解释:
1、master要求worker启动driver和executor
2、worker启动driver的一个基本的原理,worker会启动一个线程DriverRunner,然后DriverRunner会去负责启动driver进程,然后在之后对driver进程进行管理
3、worker启动executor的一个基本的原理,worker会启动一个线程ExecutorRunner,然后ExecutorRunner会去负责启动executor进程,然后在之后对executor进程进行管理
4、driver首先创建driver的工作目录,封装启动driver的命令,用ProcessBuilder启动Driver
5、executor首先创建executor的工作目录,封装启动executor的命令,用ProcessBuilder启动executor,executor找到对应的driver,去反向注册自己,然后就可以启动executor
schedule方法:
源码位置:org/apache/spark/deploy/master/Master.scala
/**
* 资源调度算法
*/
private def schedule(): Unit = {
// 首先判断master的状态不是alive的话直接返回
// 也就是说,standby master是不会进行application等资源的调度的
if (state != RecoveryState.ALIVE) { return }
// Drivers take strict precedence over executors
// random shuffle的原理是对传入的集合的元素进行随机的打乱
// 这里是对取出workers中所有注册上来上的worker,进行过滤,必须是状态为alive的worker
// 对状态为alive的worker,调用rondom的shuffle方法进行随机的打乱
// 意思就是从ArrayBuffer的最后一个元素开始到第三个元素,对于每个元素,都会取出该范围内的随机数,
// 比如说buf.length为10,然后next会取0到10的一个随机数,然后就会把buf随机的一个位置和该数字进行交换
val shuffledWorkers = Random.shuffle(workers) // Randomization helps balance drivers
// 遍历活着的worker
for (worker <- shuffledWorkers if worker.state == WorkerState.ALIVE) {
// 遍历等待的driver,只有yarn-cluster和standalone的cluster模式提交的时候,才会注册driver,其他方式都是在
// 本地启动driver,而不是来注册driver,更不可能让master来调度driver
for (driver <- waitingDrivers) {
// 判断当前的worker的空闲内存量大于等于driver需要的内存量和判断worker的空闲cpu数大于等于driver需要的cpu数量
if (worker.memoryFree >= driver.desc.mem && worker.coresFree >= driver.desc.cores) {
// 启动driver
launchDriver(worker, driver)
// 将driver从等待的driver的队列中删除
waitingDrivers -= driver
}
}
}
// 在workers上启动和调度executor
startExecutorsOnWorkers()
}
master启动并管理driver进程源码分析:
第一步:调用schedule方法的launchDriver方法
源码位置:org/apache/spark/deploy/master/Master.scala
/**
* 在某一个worker上启动driver
*/
private def launchDriver(worker: WorkerInfo, driver: DriverInfo) {
logInfo("Launching driver " + driver.id + " on worker " + worker.id)

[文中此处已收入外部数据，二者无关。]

(* Let $V$ be a countable set, $\Omega_0$ a finite set, $\Omega=\Omega_0^V$, $q\in\mathbb N$, and let $\gamma=(\gamma_\Lambda)_{\Lambda\Subset V}$ be a quasilocal $q$-specification. Let $f:\Omega^q\to\mathbb R$ be continuous and $\Lambda\Subset V$. Then the map $$(\eta_1,\dots,\eta_q)\mapsto\gamma^{\otimes q}_\Lambda f(\eta_1,\dots,\eta_q):=\int_{\Omega^q}f(\sigma_1,\dots,\sigma_q)\prod_{i=1}^q\gamma_\Lambda(d\sigma_i\mid\eta_1,\dots,\eta_q)$$ is continuous on $\Omega^q$.
   Context: $\Omega$ carries the product $\sigma$-algebra $\mathcal F$ and the topology of pointwise (coordinatewise) convergence: $\sigma^{(n)}\to\sigma$ iff $\sigma^{(n)}(x)\to\sigma(x)$ for every $x\in V$; $\Omega^q$ carries the product topology, and $f:\Omega^q\to\mathbb R$ is continuous if $f(w^{(n)})\to f(w)$ whenever $w^{(n)}\to w$. For $\Delta\subset V$, $\mathcal F_\Delta$ is the $\sigma$-algebra generated by coordinates in $\Delta$, $\mathcal F^q_{\Lambda^c}=(\mathcal F_{\Lambda^c})^{\otimes q}$. A probability $q$-kernel is a map $\gamma_\Lambda:\mathcal F\times\Omega^q\to[0,1]$ with $\gamma_\Lambda(\cdot\mid\eta_1,\dots,\eta_q)$ a probability measure and $\gamma_\Lambda(A\mid\cdot)$ $\mathcal F^q_{\Lambda^c}$-measurable; proper means $\gamma_\Lambda(A\mid\eta_1,\dots,\eta_q)=\frac1q\sum_i\mathbf 1_A(\eta_i)$ for $A\in\mathcal F_{\Lambda^c}$. Composition: $(\gamma_\Delta\gamma_\Lambda)(A\mid\eta)=\int_{\Omega^q}\gamma_\Lambda(A\mid\zeta_1,\dots,\zeta_q)\prod_i\gamma_\Delta(d\zeta_i\mid\eta)$. A $q$-specification is a family of proper probability $q$-kernels $(\gamma_\Lambda)_{\Lambda\Subset V}$ with $\gamma_\Delta\gamma_\Lambda=\gamma_\Delta$ for $\Lambda\subset\Delta\Subset V$. It is quasilocal if for each $\Lambda\Subset V$ and every event $A\in\mathcal F_\Lambda$ the map $(\omega_1,\dots,\omega_q)\mapsto\gamma_\Lambda(A\mid\omega_1,\dots,\omega_q)$ is continuous on $\Omega^q$. *)

theory Defs
  imports "HOL-Probability.Probability"
begin

text \<open>Spin space Omega = Omega0^V with V = type 'v (countable), Omega0 = type 'a (finite).
  q-tuples of configurations are functions 'q => ('v => 'a) with 'q a finite type,
  q = CARD('q).\<close>

definition Omega_M :: "('v \<Rightarrow> 'a) measure" where
  "Omega_M = PiM UNIV (\<lambda>_. count_space UNIV)"

definition F_sub :: "'v set \<Rightarrow> ('v \<Rightarrow> 'a) measure" where
  "F_sub \<Delta> = sigma UNIV {{\<sigma>. \<sigma> x = a} | x a. x \<in> \<Delta>}"

definition seq_conv :: "(nat \<Rightarrow> 'q \<Rightarrow> 'v \<Rightarrow> 'a) \<Rightarrow> ('q \<Rightarrow> 'v \<Rightarrow> 'a) \<Rightarrow> bool" where
  "seq_conv w w0 \<longleftrightarrow> (\<forall>i x. \<forall>\<^sub>F n in sequentially. w n i x = w0 i x)"

definition seq_continuous :: "(('q \<Rightarrow> 'v \<Rightarrow> 'a) \<Rightarrow> real) \<Rightarrow> bool" where
  "seq_continuous f \<longleftrightarrow> (\<forall>w w0. seq_conv w w0 \<longrightarrow> (\<lambda>n. f (w n)) \<longlonglongrightarrow> f w0)"

definition prob_q_kernel :: "'v set \<Rightarrow> (('q \<Rightarrow> 'v \<Rightarrow> 'a) \<Rightarrow> ('v \<Rightarrow> 'a) measure) \<Rightarrow> bool" where
  "prob_q_kernel \<Lambda> k \<longleftrightarrow>
     (\<forall>\<eta>. prob_space (k \<eta>) \<and> sets (k \<eta>) = sets Omega_M) \<and>
     (\<forall>A \<in> sets Omega_M. (\<lambda>\<eta>. measure (k \<eta>) A) \<in> borel_measurable (PiM UNIV (\<lambda>_::'q. F_sub (- \<Lambda>))))"

definition proper_q_kernel :: "'v set \<Rightarrow> (('q::finite \<Rightarrow> 'v \<Rightarrow> 'a) \<Rightarrow> ('v \<Rightarrow> 'a) measure) \<Rightarrow> bool" where
  "proper_q_kernel \<Lambda> k \<longleftrightarrow>
     (\<forall>A \<in> sets (F_sub (- \<Lambda>)). \<forall>\<eta>.
        measure (k \<eta>) A = (\<Sum>i\<in>UNIV. indicator A (\<eta> i)) / real CARD('q))"

definition q_specification ::
  "('v set \<Rightarrow> ('q::finite \<Rightarrow> 'v \<Rightarrow> 'a) \<Rightarrow> ('v \<Rightarrow> 'a) measure) \<Rightarrow> bool" where
  "q_specification \<gamma> \<longleftrightarrow>
     (\<forall>\<Lambda>. finite \<Lambda> \<longrightarrow> prob_q_kernel \<Lambda> (\<gamma> \<Lambda>) \<and> proper_q_kernel \<Lambda> (\<gamma> \<Lambda>)) \<and>
     (\<forall>\<Lambda> \<Delta>. \<Lambda> \<subseteq> \<Delta> \<and> finite \<Delta> \<longrightarrow>
        (\<forall>A \<in> sets Omega_M. \<forall>\<eta>.
           (\<integral>\<zeta>. measure (\<gamma> \<Lambda> \<zeta>) A \<partial>(PiM UNIV (\<lambda>_. \<gamma> \<Delta> \<eta>))) = measure (\<gamma> \<Delta> \<eta>) A))"

definition quasilocal ::
  "('v set \<Rightarrow> ('q \<Rightarrow> 'v \<Rightarrow> 'a) \<Rightarrow> ('v \<Rightarrow> 'a) measure) \<Rightarrow> bool" where
  "quasilocal \<gamma> \<longleftrightarrow>
     (\<forall>\<Lambda>. finite \<Lambda> \<longrightarrow> (\<forall>A \<in> sets (F_sub \<Lambda>). seq_continuous (\<lambda>\<eta>. measure (\<gamma> \<Lambda> \<eta>) A)))"

end

theory Submission
  imports Defs "HOL-Library.Diagonal_Subsequence"
begin

(*
  By quasilocality, \<gamma>\<^sub>\<Lambda>(A | \<eta>) depends continuously on \<eta> for A \<in> F_sub \<Lambda>. Consistency
  \<gamma>\<^sub>\<Lambda> \<gamma>\<^sub>\<Lambda> = \<gamma>\<^sub>\<Lambda> and properness force, for B \<in> F_sub (- \<Lambda>),

    \<gamma>\<^sub>\<Lambda>(A \<inter> B | \<eta>) = 1/q \<Sum>\<^sub>i 1\<^sub>B(\<eta>\<^sub>i) \<gamma>\<^sub>\<Lambda>(A | \<eta>\<^sub>i, \<dots>, \<eta>\<^sub>i):

  the difference of the two sides is a bounded harmonic function of \<eta> that only depends
  on \<eta> off \<Lambda> and vanishes on the diagonal, hence vanishes by a maximum principle.
  So \<gamma>\<^sub>\<Lambda>(C | \<eta>) is continuous in \<eta> for every cylinder event C on finitely many sites,
  and therefore so is the integral of any local function g against \<gamma>\<^sub>\<Lambda>(\<cdot> | \<eta>)\<^sup>q. Finally \<Omega>\<^sup>q
  is sequentially compact, so a continuous f is a uniform limit of local functions, and
  continuity passes to the limit.
*)

section \<open>The \<sigma>-algebras F_sub \<Delta> and cylinder events\<close>

lemma space_Omega_M [simp]: "space (Omega_M :: ('v \<Rightarrow> 'a) measure) = UNIV"
  by (simp add: Omega_M_def space_PiM)

lemma space_F_sub [simp]: "space (F_sub D :: ('v \<Rightarrow> 'a) measure) = UNIV"
  by (simp add: F_sub_def space_measure_of_conv)

lemma sets_F_sub: "sets (F_sub D :: ('v \<Rightarrow> 'a) measure) = sigma_sets UNIV {{\<sigma>. \<sigma> x = a} | x a. x \<in> D}"
  unfolding F_sub_def by (rule sets_measure_of) auto

lemma sets_F_sub_subset: "sets (F_sub D :: ('v \<Rightarrow> 'a) measure) \<subseteq> sets Omega_M"
proof -
  have "{\<sigma>::'v \<Rightarrow> 'a. \<sigma> x = a} \<in> sets Omega_M" for x a
  proof -
    have "(\<lambda>\<sigma>::'v \<Rightarrow> 'a. \<sigma> x) \<in> Omega_M \<rightarrow>\<^sub>M count_space UNIV"
      unfolding Omega_M_def by (rule measurable_component_singleton) simp
    from measurable_sets[OF this, of "{a}"] show ?thesis by (simp add: vimage_def)
  qed
  then have "{{\<sigma>::'v \<Rightarrow> 'a. \<sigma> x = a} | x a. x \<in> D} \<subseteq> sets Omega_M" by auto
  from sets.sigma_sets_subset[OF this] show ?thesis by (simp add: sets_F_sub)
qed

lemma F_sub_mem_cong:
  assumes "A \<in> sets (F_sub D)" and "\<forall>x\<in>D. \<sigma> x = \<sigma>' x"
  shows "\<sigma> \<in> A \<longleftrightarrow> \<sigma>' \<in> A"
  using assms(1) unfolding sets_F_sub
  by (induction rule: sigma_sets.induct) (use assms(2) in auto)

lemma measurable_id_Omega_M_F_sub: "(\<lambda>\<sigma>. \<sigma>) \<in> Omega_M \<rightarrow>\<^sub>M F_sub D"
  by (rule measurableI) (use sets_F_sub_subset in auto)

lemma measurable_PiM_F_sub_imp_PiM_Omega_M:
  assumes "h \<in> borel_measurable (PiM UNIV (\<lambda>_::'q. F_sub D :: ('v \<Rightarrow> 'a) measure))"
  shows "h \<in> borel_measurable (PiM UNIV (\<lambda>_::'q. Omega_M :: ('v \<Rightarrow> 'a) measure))"
proof -
  have "(\<lambda>\<zeta>. \<zeta>) \<in> PiM UNIV (\<lambda>_::'q. Omega_M :: ('v \<Rightarrow> 'a) measure) \<rightarrow>\<^sub>M PiM UNIV (\<lambda>_. F_sub D)"
  proof (rule measurable_PiM_single')
    fix i :: 'q
    show "(\<lambda>\<zeta>. \<zeta> i) \<in> PiM UNIV (\<lambda>_. Omega_M) \<rightarrow>\<^sub>M F_sub D"
      using measurable_component_singleton[OF UNIV_I] measurable_id_Omega_M_F_sub
      by (rule measurable_compose)
  qed (auto simp: space_PiM)
  from measurable_comp[OF this assms] show ?thesis by (simp add: o_def)
qed

lemma measurable_PiM_F_sub_cong:
  fixes h :: "('q \<Rightarrow> 'v \<Rightarrow> 'a) \<Rightarrow> real"
  assumes "h \<in> borel_measurable (PiM UNIV (\<lambda>_. F_sub D))" and "\<forall>i. \<forall>x\<in>D. \<zeta> i x = \<zeta>' i x"
  shows "h \<zeta> = h \<zeta>'"
proof -
  have mem_cong: "\<zeta> \<in> X \<longleftrightarrow> \<zeta>' \<in> X" if "X \<in> sets (PiM UNIV (\<lambda>_::'q. F_sub D :: ('v \<Rightarrow> 'a) measure))" for X
    using that unfolding sets_PiM_single
  proof (induction rule: sigma_sets.induct)
    case (Basic X)
    then obtain i A where "X = {\<zeta>. \<zeta> i \<in> A}" "A \<in> sets (F_sub D)"
      by (auto simp: PiE_UNIV_domain)
    then show ?case using F_sub_mem_cong[of A D "\<zeta> i" "\<zeta>' i"] assms(2) by auto
  qed (auto simp: PiE_UNIV_domain)
  have "h -` {h \<zeta>'} \<in> sets (PiM UNIV (\<lambda>_. F_sub D))"
    using measurable_sets[OF assms(1), of "{h \<zeta>'}"] by (simp add: space_PiM PiE_UNIV_domain)
  from mem_cong[OF this] show ?thesis by simp
qed

definition cyl :: "'v set \<Rightarrow> ('v \<Rightarrow> 'a) \<Rightarrow> ('v \<Rightarrow> 'a) set" where
  "cyl W \<xi> = {\<sigma>. \<forall>x\<in>W. \<sigma> x = \<xi> x}"

lemma cyl_in_F_sub:
  fixes \<xi> :: "'v::countable \<Rightarrow> 'a"
  assumes "W \<subseteq> D"
  shows "cyl W \<xi> \<in> sets (F_sub D)"
proof -
  have "cyl W \<xi> = (\<Inter>x\<in>W. {\<sigma>. \<sigma> x = \<xi> x})" by (auto simp: cyl_def)
  also have "\<dots> \<in> sets (F_sub D)"
    using assms sets.top[of "F_sub D"]
    by (intro sets.countable_INT'') (auto simp: sets_F_sub)
  finally show ?thesis .
qed

lemma cyl_in_Omega_M: "cyl W (\<xi> :: 'v::countable \<Rightarrow> 'a) \<in> sets Omega_M"
  using cyl_in_F_sub[of W UNIV \<xi>] sets_F_sub_subset by blast

section \<open>Uniform approximation by local functions\<close>

lemma seq_continuous_uniform_limit:
  fixes F :: "('q \<Rightarrow> 'v \<Rightarrow> 'a) \<Rightarrow> real"
  assumes approx: "\<And>\<epsilon>. 0 < \<epsilon> \<Longrightarrow> \<exists>g. seq_continuous g \<and> (\<forall>\<eta>. \<bar>F \<eta> - g \<eta>\<bar> \<le> \<epsilon>)"
  shows "seq_continuous F"
  unfolding seq_continuous_def
proof (intro allI impI LIMSEQ_I)
  fix ws :: "nat \<Rightarrow> 'q \<Rightarrow> 'v \<Rightarrow> 'a" and w and e :: real
  assume conv: "seq_conv ws w" and "0 < e"
  then obtain g where g: "seq_continuous g" and g_close: "\<And>\<eta>. \<bar>F \<eta> - g \<eta>\<bar> \<le> e / 3"
    using approx[of "e / 3"] by auto
  have "(\<lambda>n. g (ws n)) \<longlonglongrightarrow> g w"
    using g conv by (simp add: seq_continuous_def)
  then obtain n\<^sub>0 where n\<^sub>0: "\<And>n. n \<ge> n\<^sub>0 \<Longrightarrow> \<bar>g (ws n) - g w\<bar> < e / 3"
    using LIMSEQ_D[of _ "g w" "e / 3"] \<open>0 < e\<close> by auto
  have "\<bar>F (ws n) - F w\<bar> < e" if "n \<ge> n\<^sub>0" for n
    using n\<^sub>0[OF that] g_close[of "ws n"] g_close[of w] by linarith
  then show "\<exists>n\<^sub>0. \<forall>n\<ge>n\<^sub>0. norm (F (ws n) - F w) < e"
    by auto
qed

// 将driver加入到worker内部的缓冲结构中
// 将worker中使用的内存和cpu的数量,都加上driver需要的内存和cpu的数量
worker.addDriver(driver)
// 将worker加入到driver的内存缓冲结构中
driver.worker = Some(worker)
// 调用worker的actor,给worker发送注册driver的信息
worker.endpoint.send(LaunchDriver(driver.id, driver.desc))
driver.state = DriverState.RUNNING
}
第二步:调用worker的launchDriver方法
源码位置:org/apache/spark/deploy/worker/Worker.scala
// 启动driver
case LaunchDriver(driverId, driverDesc) => {
logInfo(s"Asked to launch driver $driverId")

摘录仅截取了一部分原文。